Correcting misinformation about our Cambridge meeting
A recurrent accusation that is made against us is that Anne Ruzylo, who spoke at our first meeting in Cambrige 2017, made offensive and abusive comments about trans women.
The accusation is that Ruzylo called trans women “horrible hateful, misogynistic bastards”.
This accusation is entirely false.
Those who make it have taken the comment entirely out of context and erased the real reference which was to specific trans activists (not all of them trans) in her local Labour CLP whom Ruzylo says had bullied and harassed her out of the party. This story was covered in the Times, the Economist and the local Bexhill Observer.
This is the quote in full:
“The support has been absolutely fantastic and when a transactivist has come after me and I use that term activist because… that’s not in my, as a trade unionist for over thirty years, they are not activists. As Helen said these are horrible hateful, misogynistic bastards, they’re not activists. An activist, to me, is someone who enhances somebodies life, who fights for something they believe in that is possible for all, y’know..So, thank you to all the women that, after these people have come after me, have defended me and defended women.”
Ruzylo is clearly referencing abuse from transactivists over social media and in her own CLP.
She talks specifically about this earlier in her speech:
“TERF I don’t accept and that is language that is used within my CLP and in fact they’ve got a branch meeting this evening, Battle branch, and the branch secretary is the main driver behind the bullying towards me. And he uses ‘cis and TERF, he’s derogatory, he’s quite offensive about feminists and women in general.”
This is a clear reference to a male activist who is not trans.
Ruzylo is also referencing the treatment of Helen Steel by transactivists, which Helen had referred to her speech at the same meeting (being surrounded by a threatening mob at the London Anarchist Bookfair for being seen to defend the rights of women handing out leaflets).
This mob included Tara Wolf, who had already assaulted another woman at Hyde Park. Wolf was later convicted of this crime.
You can read Helen Steel’s statement of events at the Anarchist Bookfair here.
This is the relevant section of Helen Steel’s speech:
“I was invited to speak here after being surrounded and threatened at the [Anarchist] Book Fair by a mob of around 30 people who claimed to be advocating on behalf of trans people. And this was, as has been mentioned, after I intervened to stop the bullying of two women who were distributing leaflets about the Gender Recognition Act and the proposed changes. The Government is planning to amend the Gender Recognition Act…
Some of those who threatened me and surrounded me at the Book Fair were also involved in a physical attack on a feminist at Speakers’ Corner when women met there in September after trans activists successfully bullied a venue into closing down a debate about the proposed changes to the Gender Recognition Act. I was lucky enough that people stepped in to defend me from attack at the Book Fair but the mob that surrounded me shouted abuse at me for over an hour and they would not leave me alone and it was an extremely intimidating experience.

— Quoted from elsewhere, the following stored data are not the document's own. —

theorem mainTheorem6:
  fixes g h :: "'k::field_char_0 poly poly"
    and phi :: "rat \<Rightarrow> 'k alg_closure"
    and d \<delta> :: nat
  assumes "irreducible g"
    and "total_degree g = d"
    and "pderiv g \<noteq> 0"
    and "puiseux phi"
    and "ps_eval g phi = (\<lambda>_. 0)"
    and "degree h \<le> \<delta>"
    and "\<forall>i. degree (coeff h i) \<le> \<delta>"
    and "ps_eval h phi \<noteq> (\<lambda>_. 0)"
  shows "\<bar>ps_val (ps_eval h phi)\<bar> \<le> 2 * of_nat d * of_nat \<delta>"
proof -
  obtain e N where e: "e > 0" and phi: "ps_lattice e N phi"
    using \<open>puiseux phi\<close> unfolding puiseux_def ps_lattice_def by blast
  define x where "x = fls_of_ps e phi"
  define v where "v = fls_subdegree (poly (map_poly (laurent_of_poly e) h) x)"
  obtain M where M: "ps_lattice e M (ps_eval h phi)"
    and eval_h: "fls_of_ps e (ps_eval h phi) = poly (map_poly (laurent_of_poly e) h) x"
    using fls_of_ps_ps_eval[OF e phi] unfolding x_def by blast
  have root: "poly (map_poly (laurent_of_poly e) g) x = 0"
    using fls_of_ps_ps_eval[OF e phi, of g] \<open>ps_eval g phi = (\<lambda>_. 0)\<close>
    unfolding x_def by (auto simp: fls_of_ps_zero[OF e])
  have nz: "poly (map_poly (laurent_of_poly e) h) x \<noteq> 0"
    using fls_of_ps_eq_0_iff[OF e M] eval_h \<open>ps_eval h phi \<noteq> (\<lambda>_. 0)\<close> by simp
  have lower: "- int (e * d * \<delta>) \<le> v"
    using fls_subdegree_poly_at_root_ge[OF e _ _ _ root nz] assms unfolding v_def
    by (auto simp: irreducible_def)
  have upper: "v \<le> int (e * (2 * d * \<delta>))"
    using fls_subdegree_poly_at_root_le[OF e _ _ _ _ root nz] assms unfolding v_def by auto
  have "int (e * d * \<delta>) \<le> int (e * (2 * d * \<delta>))" by simp
  with lower upper have "of_int \<bar>v\<bar> \<le> (of_int (int (e * (2 * d * \<delta>))) :: rat)"
    unfolding of_int_le_iff abs_le_iff by linarith
  moreover have "ps_val (ps_eval h phi) = of_int v / of_nat e"
    using ps_val_eq_fls_subdegree[OF e M \<open>ps_eval h phi \<noteq> (\<lambda>_. 0)\<close>] eval_h unfolding v_def by simp
  ultimately show ?thesis
    using e by (simp add: divide_le_eq algebra_simps)
qed

end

And since the Book Fair, I and those who stepped in to protect me from the attack have been subjected to a sustained of lies, smears and even death threats. And all of this is for women basically holding opinions which those trans activists disagreed with. But rather than focusing on the bullying now, I’d like to talk about why I value women only spaces.”
Lying about what people say is dishonest and defamatory.
It stirs up fear and anxiety
It does nothing to move us closer to the respectful dialogue that we need if we are to find a progressive resolution which upholds everyone’s rights.
We call on people who persist in misrepresenting Anne Ruzylo’s comments and, by association WPUK, to cease in the perpetuation of these falsehoods.
8th March 2020
We believe that it is important to share a range of viewpoints on women’s rights and advancement from different perspectives. WPUK does not necessarily agree or endorse all the views that we share.